Published: August 27, 2014 (Issue # 1826)




  • Photo: Elkin

August in Russia is a big month for anniversaries. Aug. 19, 1991, saw a conservative military coup in Moscow; its failure signaled the terminal phase of the fall of the Soviet Union. On Aug. 23, it will have been 75 years since Soviet Foreign Minister Vyacheslav Molotov and German Foreign Minister Joachim von Ribbentrop signed a non-aggression treaty in Moscow. Both these events have almost been forgotten. But studying them certainly wouldnt be a waste of time for anyone trying to understand modern Russia.

When I was a student in the mid-90s and interested in making some spending money, a German foundation gave me a job writing a bibliography of the most interesting articles from the Volga German Autonomous Regions biggest publication.

This region existed in Soviet Russia from 1918 to 1941 and was populated by the descendants of German colonist farmers who had come to Russia as early as the 18th century. The region was abolished on Aug. 28, 1941 yet another forgotten August date two months after war broke out between the Soviet Union and Germany. Most ethnic Germans were subsequently deported from the Volga region.

In Germany, the history of the Volga Germans is remembered quite a bit better than in Russia, and because of that I spent some months immersed in the periodical archives of several Moscow libraries. Flipping through yellowed pages full of hard-to-read Gothic script, I got the chance to visit long-gone eras; perhaps the most interesting of them was the end of the 1930s.

The newspaper naturally covered events outside of Russia, including those tied to national socialism in Germany or, for example, the civil war in Spain. Day in and day out, Hitlers government in Germany was presented to readers in the most caricatured fashion possible, but at the same time was discussed as a threat and potential enemy.

Until suddenly in 1939 everything changed. The anti-fascist caricatures and rhetoric disappeared, and the tone turned businesslike and proper. The swastika flag, which had until then been placed on maps to show readers the looming threat to Europe from fascism, now appeared in official photographs.
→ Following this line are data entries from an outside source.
text \<open>In the exterior domain, \<open>B(y)\<close> has
  the eigenvalue \<open>alpha |y|\<close> on \<open>y\<^sup>\<bottom>\<close> and \<open>beta |y|\<close> in the direction of \<open>y\<close>; \<open>flux_norm c |y|\<close> is
  the length of the Darcy velocity \<open>c |y|\<^sup>-\<^sup>n y\<close>.\<close>
locale two_phase_coefficients =
  fixes a10 a20 :: real and a1 a2 al1 al2 :: "nat \<Rightarrow> real" and N1 N2 :: nat
    and f1 f2 pcd :: "real \<Rightarrow> real" and r0 c1 c2 slo shi :: real and Shat :: "real \<Rightarrow> real"
    and n :: real and g1 g2 F1 F2 :: "real \<Rightarrow> real"
    and Sstar :: "real^'n::finite \<Rightarrow> real" and u1 u2 b :: "real^'n \<Rightarrow> real^'n"
    and B A :: "real^'n \<Rightarrow> real^'n^'n"
  assumes n_def: "n = real CARD('n)" and dim: "CARD('n) \<ge> 2"
    and g1_def: "g1 = gfun a10 a1 al1 N1" and g2_def: "g2 = gfun a20 a2 al2 N2"
    and F1_def: "F1 = (\<lambda>s. 1 / (pcd s * f1 s))" and F2_def: "F2 = (\<lambda>s. 1 / (pcd s * f2 s))"
    and Sstar_def: "Sstar = (\<lambda>x::real^'n. Shat (norm x))"
    and u1_def: "u1 = (\<lambda>x::real^'n. (c1 * norm x powr (- n)) *\<^sub>R x)"
    and u2_def: "u2 = (\<lambda>x::real^'n. (c2 * norm x powr (- n)) *\<^sub>R x)"
    and B_def: "B = (\<lambda>x. F1 (Sstar x) *\<^sub>R Gjac g1 (u1 x) + F2 (Sstar x) *\<^sub>R Gjac g2 (u2 x))"
    and A_def: "A = (\<lambda>x. matrix_inv (B x))"
    and b_def: "b = (\<lambda>x. deriv F2 (Sstar x) *\<^sub>R (g2 (norm (u2 x)) *\<^sub>R u2 x)
                 - deriv F1 (Sstar x) *\<^sub>R (g1 (norm (u1 x)) *\<^sub>R u1 x))"
    and g1_adm: "g_admissible a10 a1 al1 N1" and g2_adm: "g_admissible a20 a2 al2 N2"
    and f1_cont: "continuous_on {0..1} f1" and f2_cont: "continuous_on {0..1} f2"
    and f1_diff: "\<forall>s\<in>{0<..<1}. f1 differentiable (at s)"
    and f2_diff: "\<forall>s\<in>{0<..<1}. f2 differentiable (at s)"
    and f1_C1: "continuous_on {0<..<1} (deriv f1)" and f2_C1: "continuous_on {0<..<1} (deriv f2)"
    and f1_0: "f1 0 = 0" and f2_1: "f2 1 = 0"
    and f1_mono: "\<forall>s\<in>{0<..<1}. deriv f1 s > 0" and f2_mono: "\<forall>s\<in>{0<..<1}. deriv f2 s < 0"
    and pcd_diff: "\<forall>s\<in>{0<..<1}. pcd differentiable (at s)"
    and pcd_C1: "continuous_on {0<..<1} (deriv pcd)"
    and pcd_pos: "\<forall>s\<in>{0<..<1}. pcd s > 0"
    and r0_pos: "r0 > 0"
    and Shat_differentiable: "\<forall>r\<ge>r0. Shat differentiable (at r within {r0..})"
    and Shat_bounds: "0 < slo" "shi < 1" "\<forall>r\<ge>r0. slo \<le> Shat r \<and> Shat r \<le> shi"

begin

definition flux_norm :: "real \<Rightarrow> real \<Rightarrow> real" where "flux_norm c r = \<bar>c\<bar> * r powr (1 - n)"

text \<open>\<open>g1d s = s g1'(s)\<close> and \<open>g2d s = s g2'(s)\<close>.\<close>
definition g1d :: "real \<Rightarrow> real" where "g1d = gfun 0 (\<lambda>j. a1 j * al1 j) al1 N1"

definition g2d :: "real \<Rightarrow> real" where "g2d = gfun 0 (\<lambda>j. a2 j * al2 j) al2 N2"

definition alpha :: "real \<Rightarrow> real" where
  "alpha r = F1 (Shat r) * g1 (flux_norm c1 r) + F2 (Shat r) * g2 (flux_norm c2 r)"

definition theta :: "real \<Rightarrow> real" where
  "theta r = F1 (Shat r) * g1d (flux_norm c1 r) + F2 (Shat r) * g2d (flux_norm c2 r)"

definition beta :: "real \<Rightarrow> real" where "beta r = alpha r + theta r"

lemma Shat_range: "r0 \<le> r \<Longrightarrow> Shat r \<in> {slo..shi}"
  using Shat_bounds by force

lemma Shat_unit_interval: "r0 \<le> r \<Longrightarrow> 0 < Shat r \<and> Shat r < 1"
  using Shat_bounds by force

lemma f1_pos: assumes "0 < s" "s < 1" shows "f1 s > 0"
proof -
  obtain l z where z: "0 < z" "z < s" "DERIV f1 z :> l" "f1 s - f1 0 = (s - 0) * l"
    using MVT[of 0 s f1] assms f1_diff continuous_on_subset[OF f1_cont, of "{0..s}"] by force
  have "l > 0" using DERIV_imp_deriv[OF z(3)] f1_mono z assms by auto
  then show ?thesis using z assms f1_0 by simp
qed

lemma f2_pos: assumes "0 < s" "s < 1" shows "f2 s > 0"
proof -
  obtain l z where z: "s < z" "z < 1" "DERIV f2 z :> l" "f2 1 - f2 s = (1 - s) * l"
    using MVT[of s 1 f2] assms f2_diff continuous_on_subset[OF f2_cont, of "{s..1}"] by force
  have "l < 0" using DERIV_imp_deriv[OF z(3)] f2_mono z assms by auto
  then have "(1 - s) * l < 0" using assms by (simp add: mult_pos_neg)
  then show ?thesis using z assms f2_1 by simp
qed

lemma F_differentiable:
  assumes "0 < s" "s < 1"
  shows "F1 differentiable (at s)" "F2 differentiable (at s)"
proof -
  have "pcd s > 0" "f1 s > 0" "f2 s > 0" using assms pcd_pos f1_pos f2_pos by auto
  then show "F1 differentiable (at s)" "F2 differentiable (at s)"
    unfolding F1_def F2_def using assms pcd_diff f1_diff f2_diff
    by (auto intro!: differentiable_divide differentiable_mult)
qed

lemma F_bounds:
  "\<exists>Flo Fhi DF. 0 < Flo \<and> (\<forall>s\<in>{slo..shi}. Flo \<le> F1 s \<and> F1 s \<le> Fhi \<and> Flo \<le> F2 s \<and> F2 s \<le> Fhi
      \<and> \<bar>deriv F1 s\<bar> \<le> DF \<and> \<bar>deriv F2 s\<bar> \<le> DF)"
proof -
  have sub: "{slo..shi} \<subseteq> {0<..<1}" using Shat_bounds by auto
  have "\<exists>lo hi D. 0 < lo \<and> (\<forall>s\<in>{slo..shi}. lo \<le> 1 / (pcd s * f s) \<and> 1 / (pcd s * f s) \<le> hi
           \<and> \<bar>deriv (\<lambda>s. 1 / (pcd s * f s)) s\<bar> \<le> D)"
    if "\<forall>s\<in>{0<..<1}. f differentiable (at s)" "continuous_on {0<..<1} (deriv f)"
      "\<And>s. 0 < s \<Longrightarrow> s < 1 \<Longrightarrow> f s > 0" for f
    using sub that pcd_diff pcd_pos
    by (intro reciprocal_product_bounds continuous_on_subset[OF pcd_C1] continuous_on_subset[OF that(2)])
      (auto intro!: mult_pos_pos)
  from this[OF f1_diff f1_C1 f1_pos] this[OF f2_diff f2_C1 f2_pos]
  obtain lo1 hi1 D1 lo2 hi2 D2 where "0 < lo1" "0 < lo2"
    "\<forall>s\<in>{slo..shi}. lo1 \<le> F1 s \<and> F1 s \<le> hi1 \<and> \<bar>deriv F1 s\<bar> \<le> D1"
    "\<forall>s\<in>{slo..shi}. lo2 \<le> F2 s \<and> F2 s \<le> hi2 \<and> \<bar>deriv F2 s\<bar> \<le> D2"
    unfolding F1_def F2_def by blast
  then show ?thesis
    by (rule_tac exI[of _ "min lo1 lo2"], rule_tac exI[of _ "max hi1 hi2"], rule_tac exI[of _ "max D1 D2"])
      (simp add: le_max_iff_disj min_le_iff_disj)
qed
Finally, on Aug. 24, 1939, the paper published a celebratory article on the signing in Moscow of a historic agreement between the Soviet and Nazi ministers of foreign affairs.

One of the most important moments of the perestroika era was when the secret additional protocols of the Molotov-Ribbentrop pact were made public. These secret additions assigned the Baltic states to the Soviet Union and divided up Poland into German and Soviet spheres of influence. These protocols were a real shock to a country that had been proclaiming itself the defeater of fascism since 1945.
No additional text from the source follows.